But a majority in the PSI, including most of its 156 members elected to Parliament in 1919 and the trade union leadership, remained cautiously reformist. So in 1921, responding to Lenin’s call for revolutionary Marxists around the world to organize parties of their own separate from the reformists, Gramsci, Palmiro Togliatti, Amadeo Bordiga, and their comrades formed the Italian Communist Party (PCI).8 This was a critically important development—but unfortunately it came too late to determine the direction of Italian politics. Although the new PCI recruited some 43,000 members by the end of 1921, Mussolini and the Partito Nazionale fascista (PNF) were already using organized street violence to enforce their ideology of extremist nationalism and racism. The impasse of the workers’ movement—left in the lurch by a PSI leadership whose verbal radicalism covered a passive reformism—opened the door to the fascists. The failure of the bienne rosso demoralized the working class, and the nearness of workers’ power frightened the ruling class. The fascists marched on Rome in October 1922, and Mussolini was invited by King Victor Emmanuel III to form a new government. By 1923 the fascists could claim a membership of 800,000. Communists and other leftists were attacked, killed, and driven into exile. The entire Italian left was devastated for twenty years. By the end of the 1930s, 2.6 million Italian citizens had become fascist party members.9

This crucial historical sequence—the eruption of revolutionary struggle from below in 1919–1920, the split in the PSI and the formation of the PCI, the brutal triumph of Fascism leading to Italy’s alliance with Nazi Germany in Second World War—would have enormous and multi-faceted consequences for later Italian politics. These consequences were extremely important in the late 60s and 70s, and they still figure in Italian political culture today.

The final phase of Second World War in Italy, from late 1943 through the end of the War in 1945, was in fact a civil war, fought between fascists and anti-fascist “partisans” as the Italian peninsula was invaded first by Hitler’s army, then by American-led Allied forces. Politically, one of the key developments within the anti-fascist “partisan” struggle was the role played by Italian communists, who after twenty years were able either to return to Italy from abroad or, for those who managed to survive undercover in Mussolini’s Italy, to engage in open political activity.

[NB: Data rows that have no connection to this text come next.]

theorem theorem8:
  fixes n k j :: nat
  assumes "n \<ge> 1" and "k \<ge> 1" and "1 \<le> j" and "j \<le> 2*n+1"
  shows "real (card {p \<in> paths_P n. circ_peaks p = k \<and> low_vertices p = j}) =
    (real (n choose (k-1)) * real (n choose k) + real ((n+1) choose k) * real ((n-1) choose (k-1)))
      / real (2*n+1)"
proof -
  define A where "A = card {p \<in> paths_P n. circ_peaks p = k \<and> low_vertices p = j}"
  define C where "C = (n choose (k - 1)) * (n choose k) + ((n + 1) choose k) * ((n - 1) choose (k - 1))"
  have "k * ((2 * n + 1) * A) = k * C"
    using card_paths_circ_peaks_eq_mult_low_vertices [OF assms(3,4), of k]
      mult_card_paths_circ_peaks [OF assms(1,2)] choose_product_identity [OF assms(1,2)]
    by (simp add: A_def C_def)
  then have "real A * real (2 * n + 1) = real C"
    using assms(2) by (metis mult.commute mult_cancel_left not_one_le_zero of_nat_mult)
  then show ?thesis
    unfolding A_def C_def by (simp add: eq_divide_eq)
qed

end
(* Let $P$ be a finite graded poset with $\hat0$ and let $\lambda$ be an ER-labeling of $P$ satisfying the rank two switching property, the braid relation and the cancellative property. Then the edge labeling $\lambda^*$ of $Q_\lambda(P)$ defined by $\lambda^*(X\lessdot Y)=S(Y)\setminus S(X)$ is an ER$^*$-labeling, i.e., every closed interval of $Q_\lambda(P)$ has exactly one ascent-free maximal chain.
   Context: An E-labeling is a map $\lambda$ from the cover relations of $P$ to a poset $\Lambda$. The word of labels of a saturated chain $x_0\lessdot\cdots\lessdot x_\ell$ is $\lambda(x_0\lessdot x_1)\cdots\lambda(x_{\ell-1}\lessdot x_\ell)$; the chain is increasing if the word is strictly increasing, ascent-free if no $i$ has $\lambda(x_{i-1}\lessdot x_i)<\lambda(x_i\lessdot x_{i+1})$. ER-labeling: every closed interval has exactly one increasing maximal chain. Rank two switching property: for every saturated chain $\hat0=x_0\lessdot\cdots\lessdot x_k$ and every $i$ with $\lambda(x_{i-1}\lessdot x_i)<\lambda(x_i\lessdot x_{i+1})$ there is a unique $x_i'$ with $x_{i-1}\lessdot x_i'\lessdot x_{i+1}$, $\lambda(x_{i-1}\lessdot x_i')=\lambda(x_i\lessdot x_{i+1})$, $\lambda(x_i'\lessdot x_{i+1})=\lambda(x_{i-1}\lessdot x_i)$. Quadratic exchange: for a maximal chain $\mathbf c$ of an interval with an ascent at position $i$, $U_i(\mathbf c)$ replaces $x_i$ by $x_i'$; otherwise $U_i(\mathbf c)=\mathbf c$. For maximal chains $\mathbf c_1,\mathbf c_2$ of an interval $[x,y]$ write $\mathbf c_1\sim_\lambda\mathbf c_2$ if they are connected by a sequence of quadratic exchanges (applied forwards or backwards) within $[x,y]$. Braid relation: for every maximal chain $\mathbf c$ of any interval with three strictly increasing consecutive labels at positions $i,i+1,i+2$, $U_iU_{i+1}U_i(\mathbf c)=U_{i+1}U_iU_{i+1}(\mathbf c)$. Cancellative property: for all $z<x<y$ in $P$, every maximal chain $\mathbf c$ of $[z,x]$ and maximal chains $\mathbf c_1,\mathbf c_2$ of $[x,y]$, $\mathbf c\cup\mathbf c_1\sim_\lambda\mathbf c\cup\mathbf c_2$ (in $[z,y]$) implies $\mathbf c_1\sim_\lambda\mathbf c_2$ (in $[x,y]$). $Q_\lambda(P)$: $C(P)$ is the set of saturated chains of $P$ starting at $\hat0$ ordered by inclusion; $e(\mathbf c)$ is the top element of $\mathbf c$. For $\mathbf c_1,\mathbf c_2\in C(P)$, $\mathbf c_1\sim\mathbf c_2$ iff $e(\mathbf c_1)=e(\mathbf c_2)=y$ and $\mathbf c_1\sim_\lambda\mathbf c_2$ in $[\hat0,y]$. $Q_\lambda(P)$ is the set of classes ordered by the transitive closure of: $X\le Y$ if some $\mathbf c\in X$, $\mathbf d\in Y$ satisfy $\mathbf c\subseteq\mathbf d$. All chains in a class $X$ have the same multiset $S(X)$ of labels (the multiset of labels of its cover relations), and if $X\lessdot Y$ then $S(Y)\setminus S(X)$ (multiset difference) consists of a single label. *)

theory Defs
  imports Main "HOL-Library.Multiset"
begin

definition is_poset :: "'a set \<Rightarrow> ('a \<Rightarrow> 'a \<Rightarrow> bool) \<Rightarrow> bool" where
  "is_poset A le \<longleftrightarrow>
     (\<forall>x\<in>A. le x x) \<and>
     (\<forall>x\<in>A. \<forall>y\<in>A. le x y \<and> le y x \<longrightarrow> x = y) \<and>
     (\<forall>x\<in>A. \<forall>y\<in>A. \<forall>z\<in>A. le x y \<and> le y z \<longrightarrow> le x z)"

definition pcover :: "'a set \<Rightarrow> ('a \<Rightarrow> 'a \<Rightarrow> bool) \<Rightarrow> 'a \<Rightarrow> 'a \<Rightarrow> bool" where
  "pcover A le x y \<longleftrightarrow> x \<in> A \<and> y \<in> A \<and> le x y \<and> x \<noteq> y \<and>
     \<not> (\<exists>z\<in>A. le x z \<and> le z y \<and> z \<noteq> x \<and> z \<noteq> y)"

definition graded_with_bot :: "'a set \<Rightarrow> ('a \<Rightarrow> 'a \<Rightarrow> bool) \<Rightarrow> 'a \<Rightarrow> bool" where
  "graded_with_bot A le z \<longleftrightarrow> z \<in> A \<and> (\<forall>x\<in>A. le z x) \<and>
     (\<exists>\<rho> :: 'a \<Rightarrow> nat. \<rho> z = 0 \<and> (\<forall>x y. pcover A le x y \<longrightarrow> \<rho> y = Suc (\<rho> x)))"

When the Italian state re-established itself in the immediate post-War period, first by the election of a constituent assembly and a referendum in June 1946 to decide whether the country was to be a monarchy or a republic (the vote for a republic won, 54 percent to 46 percent), then by a vote in 1948 to approve the constitution of the First Republic, the Italian Communist Party played an influential role. By this time, following Gramsci’s death in a fascist prison in 1937 and under Togliatti’s leadership (Togliatti was based in Moscow from 1934–1944 and played a key role in Stalin’s Comintern), the PCI had become thoroughly Stalinized. The leadership pursued a strategy of deliberate doppiezza (duplicity): while allowing the rank-and-file to believe that the party was still committed to “socialist revolution,” Togliatti emphasized moderate reform, accepted the continuation of the monarchy, and in April 1944 became vice president of a government headed by Pietro Badoglio, who had been appointed Marshal of Italy by Mussolini in 1926 and had led the 1935 invasion of Ethiopia. The PCI continued to be part of immediate postwar governments and was importantly involved in the adoption of the 1948 constitution. By the late 1940s the PCI had become the biggest communist party in Europe: in 1948 it had a formal membership of 2.3 million, and from 1945 onward its members ran the city governments of Bologna and many other central Italian cities. In the elections of 1946 the PCI won 4.3 million votes.10

But PCI participation in the national government was already threatened, in large part because of U.S. influence. Determined to counter the influence of the Soviet Union and of “communism” wherever it could following the war, the United States conducted covert operations to discredit the PCI, then pressured Italian politicians to exclude the communists when a new government was formed following the 1948 general election. This election was a disaster for the PCI and a triumph for the new center-right party that would control the Italian state for the next forty-five years, the Christian Democrats (DC). As John Foot puts it, “The PCI became the permanent and ‘untouchable’ political opposition” in a system “in which the opposition was not ‘permitted’ to govern, in a world dominated by the Cold War.”11 The Christian Democrats—sometimes in coalition with the far right, sometimes in coalition with the reformist left—exploited their ties to the Catholic Church, their mastery of an intricate web of corruption and favoritism, their steady support from big Italian capitalists, and their willingness to do the bidding of the U.S. military and secret services to dominate Italian party politics through the end of the 1970s.

Italy’s 1968
Though Italy’s “Hot Autumn” came more than a year after the great international upsurge of political radicalism in 1968, it is essential to look at Italian events during the more famous year and trace the emergence of political forces that would come to a full boil in 1969. It is also essential to see Italy’s 1968 within the context of even broader economic and political developments. There was, first of all, the postwar “economic miracle” of the 1950s and early 1960s, a period of high economic growth around the world that brought Italy much more fully into the world of capitalist production and consumerism. This was also the first great period of internal Italian migration: during one ten-year phase of the “economic miracle” some 10 million Italians moved from one region to another, many of them from the south to cities in central and northern Italy. These basic economic and social changes led to major transformations in Italian culture: print and electronic media, advertising, education, habits, and styles of daily life were all profoundly affected.12

The 1960s in Italy began on a tide of rising expectations and of widespread dissatisfaction with outmoded social forms and cultural assumptions. In this environment the Christian Democrats found themselves no longer able to govern from the traditional right: beginning with the new government formed in the summer of 1963 and continuing for almost ten years, they became the strongest party within a series of center-left coalition governments that included the socialists and other smaller parties such as the radicals and the democratic socialists. Expectations of and disillusionment with these center-left governments—all of which continued to comply with U.S. political and military objectives during the period of the Vietnam War—contributed critically to the rise of militant activism in Italy that would consolidate itself and flourish in 1968 and especially 1969.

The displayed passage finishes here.